Melike Adile Sultan Dairesi

" Başımız sağ olsun, Selim. Bir evladını daha yitirmişsin. Allah sabır versin. "

Orhan Han... Haberinin ardından günler sonra çıkıp gelmişti, Trabzon Sancağı'na. Oğlu Selim'i, bizleri görmek istemişti.

" Âmin. Allah razı olsun, hünkarım. "

Adile Valide ve kızları Hatice, Rukiye Sultanların da sarayımıza teşrif eden Orhan Han ile kucaklaşmalarının ardından sıra biz gelinleri olan Gülnar ile bana gelmişti. İlkin Gülnar Sultan öpmüştü Orhan Han'ın mübarek elini. Ve sıra bana gelmişti. Halbuki bu cariye -kul kısmı- için muazzam bir şeref olmanın yanında, çok da büyük bir nimet -ayrıcalıktı, şüphesiz.

" Hoş geldiniz, Hünkar Hazretleri. Sefalar getirdiniz. Müsaadenizle. "

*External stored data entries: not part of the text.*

(* For every $n\ge 1$, $d(L(n,2n-2)) \ge n^2 - \lfloor \frac{8n}{5}\rfloor$.
   Context: For positive integers $n,k$, let $\mathcal{L}_{n,k}$ be the set of $n\times n$ squares all of whose entries are colored with colors from a fixed set of $k$ colors $\{1,\dots,k\}$ such that any two entries in the same row, or in the same column, have different colors. A partial coloring of an $n\times n$ square assigns colors from $\{1,\dots,k\}$ to some of its entries; the remaining entries are called uncolored. A partial coloring extends to $L(n,k)$ if the uncolored entries can be colored so that the resulting fully colored square lies in $\mathcal{L}_{n,k}$ (keeping the given colors), and it uniquely extends to $L(n,k)$ if there is exactly one such way. A defining set of the $k$-coloring of an $n\times n$ square is the set of colored entries of a partial coloring that uniquely extends to $L(n,k)$; the defining number $d(L(n,k))$ is the minimum cardinality of such a defining set. *)

theory Defs
  imports Complex_Main
begin

definition square :: "nat \<Rightarrow> (nat \<times> nat) set" where
  "square n = {..<n} \<times> {..<n}"

definition partial_coloring :: "nat \<Rightarrow> nat \<Rightarrow> (nat \<times> nat \<rightharpoonup> nat) \<Rightarrow> bool" where
  "partial_coloring n k P \<longleftrightarrow> dom P \<subseteq> square n \<and> ran P \<subseteq> {1..k}"

definition L_set :: "nat \<Rightarrow> nat \<Rightarrow> (nat \<times> nat \<rightharpoonup> nat) set" where
  "L_set n k = {f. dom f = square n \<and> ran f \<subseteq> {1..k} \<and>
     (\<forall>i<n. \<forall>j<n. \<forall>j'<n. j \<noteq> j' \<longrightarrow> f (i,j) \<noteq> f (i,j')) \<and>
     (\<forall>j<n. \<forall>i<n. \<forall>i'<n. i \<noteq> i' \<longrightarrow> f (i,j) \<noteq> f (i',j))}"

definition uniquely_extends :: "nat \<Rightarrow> nat \<Rightarrow> (nat \<times> nat \<rightharpoonup> nat) \<Rightarrow> bool" where
  "uniquely_extends n k P \<longleftrightarrow> (\<exists>!f. f \<in> L_set n k \<and> P \<subseteq>\<^sub>m f)"

definition defining_number :: "nat \<Rightarrow> nat \<Rightarrow> nat" where
  "defining_number n k = Inf {card (dom P) | P. partial_coloring n k P \<and> uniquely_extends n k P}"

end

theory Submission
  imports Defs "HOL-Combinatorics.Permutations"
begin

Bana uzatılan o koca, mukaddes eli öpüp başıma koymuştum.

" Hoş bulduk kızım. "

***

Trabzon Sancağı

Melike Adile Sultan Dairesi

" Mustafa ... Yiğit bir şehzade olacağı şimdiden belli. Maşallah. "

Adile Valide'nin dairesindeydik. Gülnar'ın oğlu Mustafa ise hünkar dedesinin kolları arasında büyük bir ciddiyetle oturuyordu. Doğrusu onu ilk kez böyle bir tavra bürülü görüyordum.

" Mustafa hayli akıllı bir şehzade, hünkarım. Yaşına rağmen derslerine meraklı. Üstelik ata bile binmeye hevesli. "

" Âlâ. Bu Devlet-i İslam'ın da Mustafa gibi cengaver şehzadelere, hükümdarlara ihtiyacı var zaten, Adiel Sultan. O büyük işler başaracak. Selim ! "

Acımı bir kenarıya bırakıp gülümsemiştim. Zira Mustafa her ne kadar benim oğlum olmasa da ben de onun validesi sayılırdım.

" Buyrun hünkarım. "

" Evladın Mustafa için daha fazla ihtimam gösterilsin. İstikbal onu bekler zira. "

" Emredersiniz hünkarım. Allah'ın izniyle inşallah. "

***

Akşam

Trabzon Sancağı

Hafsa Hatun Dairesi

Nihayet hünkarımızla birlikte yemeğimizi yedikten sonra kızlarımı da yanıma alıp Hatice Sultan ile daireme çekilmistim. Cariyelerimden Zahide ise bize gümüş tabaklar içerisinde bolca ,çeşit çeşit, meyve ve badem getirmiş sonra da evlatlarımın elinden tutarak içerideki daireye geçmişti.

" Babam, ağabeyime haremiyle alakadar olmasını emretti. Sana ve Gülnar'a üzülmüş anlaşılan. "

Yere sabitlendiğim gözlerimi şaşkınlıkla açıp hemen karşımda oturmakta olan Hatice'ye dikmiştim. Söyledikleri hakikat miydi, gerçekten? Yani bir cihan padişahı düşünür müydü oğlunun benim gibi kıymetsiz kölesinin halini?

" Sağ olsunlar. Padişahımız, efendimiz çok iyi kalpliler. "

" Fatma ve Gevher'i de pek bir sevdiler. Hayli güzel, iffetli birer sultan olacaklar, diyor. "

Hatice'nin bu sözleri beni tebessüm ettirmek için söylediğine emindim ama ben inat etmeyi bırakıp yine de gülümseyivermiştim bu sözlere. Öyle ya bu benim için onur ve de istikbal için şerefli bir durumdu.

" İnşallah Hatice. Rabbime her gün dua ediyorum, kızlarımı bana bağışlasın, diye. Fakat ben de inanıyorum ki evlatlarımı muhteşem bir hayat bekliyor. Tıpkı siz sultan halaları gibi... "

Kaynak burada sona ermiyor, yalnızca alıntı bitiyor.